Accreditation Agreements

The E-Academy has agreements with the Norwegian School of Theology (Detteologiske Menighetsfakultet) in Oslo for courses taught in English and the Reutlingen School of Theology for courses taught in German that will allow accreditation under European standards so that future students will be able to receive academic credit for their studies, Field said.

The Rev. Rena Yocom, GBHEM’s assistant general secretary for Clergy Formation and Theological Education, said the E-Academy is an excellent model for cooperatively providing the theological education needed to form Christian leaders in the Wesleyan tradition.

“The Methodist E-Academy is an example of what can be accomplished with a combination of creativity and technology, collaboration and perceived need, mixed with a little Wesleyan discipline and determination. It is a viable tool for global education today,” Yocom said.

Interacting With Other Students

Filip Jandovsky, a pastor from the Czech Republic who is finishing up the last of six modules, found it helpful to be able to do the work online.

“Because my week schedule is quite busy with my church business, e-learning helped me to better organize and manage my study time,” Jandovsky said. “It is a really good option for those who are working full time.”

The Rev. Margarita Todorova, a pastor in Bulgaria, also appreciated the opportunities to work with others.

“The best part of this course was the interaction with students from the other European countries. It has been an enriching experience,” she said.

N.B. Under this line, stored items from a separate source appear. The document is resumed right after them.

lemma recip_sum_times_diff_one:
  assumes "x \<noteq> 0"
  shows "recip_sum k x * (x - 1) = 1 - 1 / x ^ k"
proof -
  have "x ^ k * (recip_sum k x * (x - 1)) = x ^ k - 1"
    using power_mult_recip_sum[OF assms] power_diff_1_eq[of x k] by (simp add: ac_simps)
  then show ?thesis
    using assms by (simp add: field_simps)
qed

lemma recip_sum_strict_antimono:
  assumes "0 < x" "x < y" "k \<ge> 1"
  shows "recip_sum k y < recip_sum k x"
  unfolding recip_sum_def
proof (rule sum_strict_mono)
  show "1 / y ^ Suc i < 1 / x ^ Suc i" for i
    using assms by (intro divide_strict_left_mono power_strict_mono) auto
qed (use assms in \<open>auto simp: lessThan_empty_iff\<close>)

lemma qk_root:
  assumes "k \<ge> 2"
  shows "1 < qk k" "qk k < 2" "recip_sum k (qk k) = 1"
proof -
  have root_iff: "x ^ k - (\<Sum>i<k. x ^ i) = 0 \<longleftrightarrow> recip_sum k x = 1" if "x > 0" for x
    using power_mult_recip_sum[of x k] that by auto
  have "recip_sum k 2 \<le> 1" "1 \<le> recip_sum k 1"
    using recip_sum_times_diff_one[of 2 k] assms by (auto simp: recip_sum_def)
  moreover have "continuous_on {1..2} (recip_sum k)"
    unfolding recip_sum_def by (intro continuous_intros) auto
  ultimately obtain x where x: "1 \<le> x" "x \<le> 2" "recip_sum k x = 1"
    using IVT2'[of "recip_sum k" 2 1 1] by auto
  have "x \<noteq> 1" "x \<noteq> 2"
    using x assms recip_sum_times_diff_one[of 2 k] by (auto simp: recip_sum_def)
  with x have x_between: "1 < x" "x < 2" by auto
  have unique: "y = x" if "1 < y" "recip_sum k y = 1" for y
    using recip_sum_strict_antimono[of y x k] recip_sum_strict_antimono[of x y k]
      that x x_between assms by (cases y x rule: linorder_cases) auto
  have "qk k = x"
    unfolding qk_def
  proof (rule the_equality)
    show "1 < x \<and> x < 2 \<and> x ^ k - (\<Sum>i<k. x ^ i) = 0"
      using x x_between root_iff by auto
  qed (use unique root_iff in force)
  then show "1 < qk k" "qk k < 2" "recip_sum k (qk k) = 1"
    using x x_between by auto
qed

lemma qk_gt_199_100:
  assumes "k \<ge> 9"
  shows "199/100 < qk k"
proof -
  have "(100::real) < (199/100) ^ 9"
    by (simp add: eval_nat_numeral)
  also have "\<dots> \<le> (199/100) ^ k"
    using assms by (intro power_increasing) auto
  finally have "1 / (199/100) ^ k < (1/100::real)"
    by (intro divide_strict_left_mono) auto
  moreover have "recip_sum k (199/100) * (99/100) = 1 - 1 / (199/100) ^ k"
    using recip_sum_times_diff_one[of "199/100" k] by simp
  ultimately have "1 < recip_sum k (199/100)"
    by linarith
  moreover have "recip_sum k (qk k) = 1" "0 < qk k"
    using qk_root[of k] assms by auto
  ultimately have "\<not> qk k < 199/100" "qk k \<noteq> 199/100"
    using recip_sum_strict_antimono[of "qk k" "199/100" k] assms by (fastforce, metis less_irrefl)
  then show ?thesis
    by linarith
qed

lemma abs_power_diff_le:
  fixes a b w :: real
  assumes "0 \<le> a" "a \<le> w" "0 \<le> b" "b \<le> w"
  shows "\<bar>a ^ n - b ^ n\<bar> \<le> n * w ^ (n - 1) * \<bar>a - b\<bar>"
proof -
  have "b ^ (n - Suc i) * a ^ i \<le> w ^ (n - 1)" if "i < n" for i
  proof -
    have "b ^ (n - Suc i) * a ^ i \<le> w ^ (n - Suc i) * w ^ i"
      using assms by (intro mult_mono power_mono) auto
    also have "\<dots> = w ^ (n - 1)"
      using that by (simp flip: power_add)
    finally show ?thesis .
  qed
  then have "(\<Sum>i<n. b ^ (n - Suc i) * a ^ i) \<le> (\<Sum>i<n. w ^ (n - 1))"
    by (intro sum_mono) auto
  then have "(\<Sum>i<n. b ^ (n - Suc i) * a ^ i) \<le> n * w ^ (n - 1)"
    by simp
  moreover have "0 \<le> (\<Sum>i<n. b ^ (n - Suc i) * a ^ i)"
    using assms by (intro sum_nonneg) auto
  ultimately show ?thesis
    unfolding power_diff_sumr2[of a n b] abs_mult
    by (metis abs_ge_zero abs_of_nonneg mult.commute mult_right_mono)
qed

lemma recip_sum_lipschitz:
  fixes w x y :: real
  assumes "w < 1" "0 < x" "0 < y" "1 / x \<le> w" "1 / y \<le> w"
  shows "\<bar>recip_sum k x - recip_sum k y\<bar> \<le> \<bar>1 / x - 1 / y\<bar> / (1 - w)\<^sup>2"
proof -
  have w: "0 \<le> w" "norm w < 1"
    using assms by (auto simp: order_trans[of 0 "1/x" w])
  have "\<bar>recip_sum k x - recip_sum k y\<bar> = \<bar>\<Sum>i<k. (1/x) ^ Suc i - (1/y) ^ Suc i\<bar>"
    by (simp add: recip_sum_def sum_subtractf power_one_over)
  also have "\<dots> \<le> (\<Sum>i<k. \<bar>(1/x) ^ Suc i - (1/y) ^ Suc i\<bar>)"
    by (rule sum_abs)
  also have "\<dots> \<le> (\<Sum>i<k. Suc i * w ^ i * \<bar>1/x - 1/y\<bar>)"
    using assms by (intro sum_mono abs_power_diff_le[of _ w, THEN order_trans]) auto
  also have "\<dots> = (\<Sum>i<k. Suc i * w ^ i) * \<bar>1/x - 1/y\<bar>"
    by (simp add: sum_distrib_right)
  also have "\<dots> \<le> 1 / (1 - w)\<^sup>2 * \<bar>1/x - 1/y\<bar>"
  proof (intro mult_right_mono)
    have sums: "(\<lambda>i. Suc i * w ^ i) sums (1 / (1 - w)\<^sup>2)"
      using geometric_deriv_sums[OF w(2)] by simp
    have "(\<Sum>i<k. Suc i * w ^ i) \<le> (\<Sum>i. Suc i * w ^ i)"
      using sums w by (intro sum_le_suminf) (auto simp: sums_iff)
    then show "(\<Sum>i<k. Suc i * w ^ i) \<le> 1 / (1 - w)\<^sup>2"
      using sums by (simp add: sums_iff)
  qed simp
  finally show ?thesis
    by simp
qed

lemma power_le_twice_power_of_close:
  fixes x y d :: real
  assumes "0 < x" "0 < y" "\<bar>y - x\<bar> \<le> d" "2 * n * d \<le> y"
  shows "y ^ n \<le> 2 * x ^ n"
proof -
  define e where "e = x / y - 1"
  have "- (d / y) \<le> e" "- 1 \<le> e"
    using assms by (auto simp: e_def field_simps)
  have "n * (- (d / y)) \<le> n * e"
    using \<open>- (d / y) \<le> e\<close> by (intro mult_left_mono) auto
  moreover have "n * (d / y) \<le> 1 / 2"
    using assms by (simp add: field_simps)
  ultimately have "1 / 2 \<le> 1 + n * e"
    by simp
  also have "\<dots> \<le> (1 + e) ^ n"
    using \<open>- 1 \<le> e\<close> by (rule Bernoulli_inequality)
  also have "\<dots> = x ^ n / y ^ n"
    by (simp add: e_def power_divide)
  finally show ?thesis
    using assms by (simp add: field_simps)
qed

lemma close_to_qk_bounds:
  assumes k: "k \<ge> 9" and close: "\<bar>q - qk k\<bar> \<le> 1 / qk k ^ (2 * k + 6)"
  shows "198/100 \<le> q" "q \<le> 201/100"
proof -
  have x: "199/100 < qk k" "qk k < 2"
    using qk_root[of k] qk_gt_199_100[OF k] k by auto
  have "(100::real) \<le> (199/100) ^ 7"
    by (simp add: eval_nat_numeral)
  also have "\<dots> \<le> qk k ^ 7"
    using x by (intro power_mono) auto
  also have "\<dots> \<le> qk k ^ (2 * k + 6)"
    using x k by (intro power_increasing) auto
  finally have "1 / qk k ^ (2 * k + 6) \<le> 1/100"
    by (intro divide_left_mono) auto
  then have "\<bar>q - qk k\<bar> \<le> 1/100"
    using close by linarith
  then show "198/100 \<le> q" "q \<le> 201/100"
    using abs_le_D1 abs_le_D2 x by fastforce+
qed

lemma recip_sum_close_to_qk:
  assumes k: "k \<ge> 9" and close: "\<bar>q - qk k\<bar> \<le> 1 / qk k ^ (2 * k + 6)"
  shows "\<bar>1 - recip_sum k q\<bar> \<le> (198/98)\<^sup>2 / (qk k ^ (2 * k + 7) * q)"
proof -
  define x where "x = qk k"
  have x: "199/100 < x" "recip_sum k x = 1"
    using qk_root[of k] qk_gt_199_100[OF k] k by (auto simp: x_def)
  have q: "198/100 \<le> q"
    using close_to_qk_bounds[OF assms] by simp
  have "\<bar>1/x - 1/q\<bar> = \<bar>q - x\<bar> / (x * q)"
    using x q by (simp add: field_simps abs_divide)
  also have "\<dots> \<le> 1 / x ^ (2 * k + 6) / (x * q)"
    using close x q by (intro divide_right_mono) (auto simp: x_def)
  also have "\<dots> = 1 / (x ^ (2 * k + 7) * q)"
    using power_Suc2[of x "2 * k + 6"] by (simp add: ac_simps)
  finally have recip_dist: "\<bar>1/x - 1/q\<bar> \<le> 1 / (x ^ (2 * k + 7) * q)" .
  have "\<bar>1 - recip_sum k q\<bar> \<le> \<bar>1/x - 1/q\<bar> / (1 - 100/198)\<^sup>2"
    using recip_sum_lipschitz[of "100/198" x q k] x q by (auto simp: field_simps)
  also have "\<dots> \<le> 1 / (x ^ (2 * k + 7) * q) / (1 - 100/198)\<^sup>2"
    using recip_dist by (intro divide_right_mono) auto
  also have "\<dots> = (198/98)\<^sup>2 / (x ^ (2 * k + 7) * q)"
    by (simp add: power2_eq_square)
  finally show ?thesis
    by (simp add: x_def)
qed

Other students noted that the quality of the material provided a deeper understanding and appreciation of the Methodist tradition, while the group work and seminar allowed for the development of relationships with students from other countries, social contexts, and language groups.

Online Studies Require Adaptation

Michael Nausner, one of the instructors, found he had to adjust his conversational style of teaching to work with e-mailing texts or posting online.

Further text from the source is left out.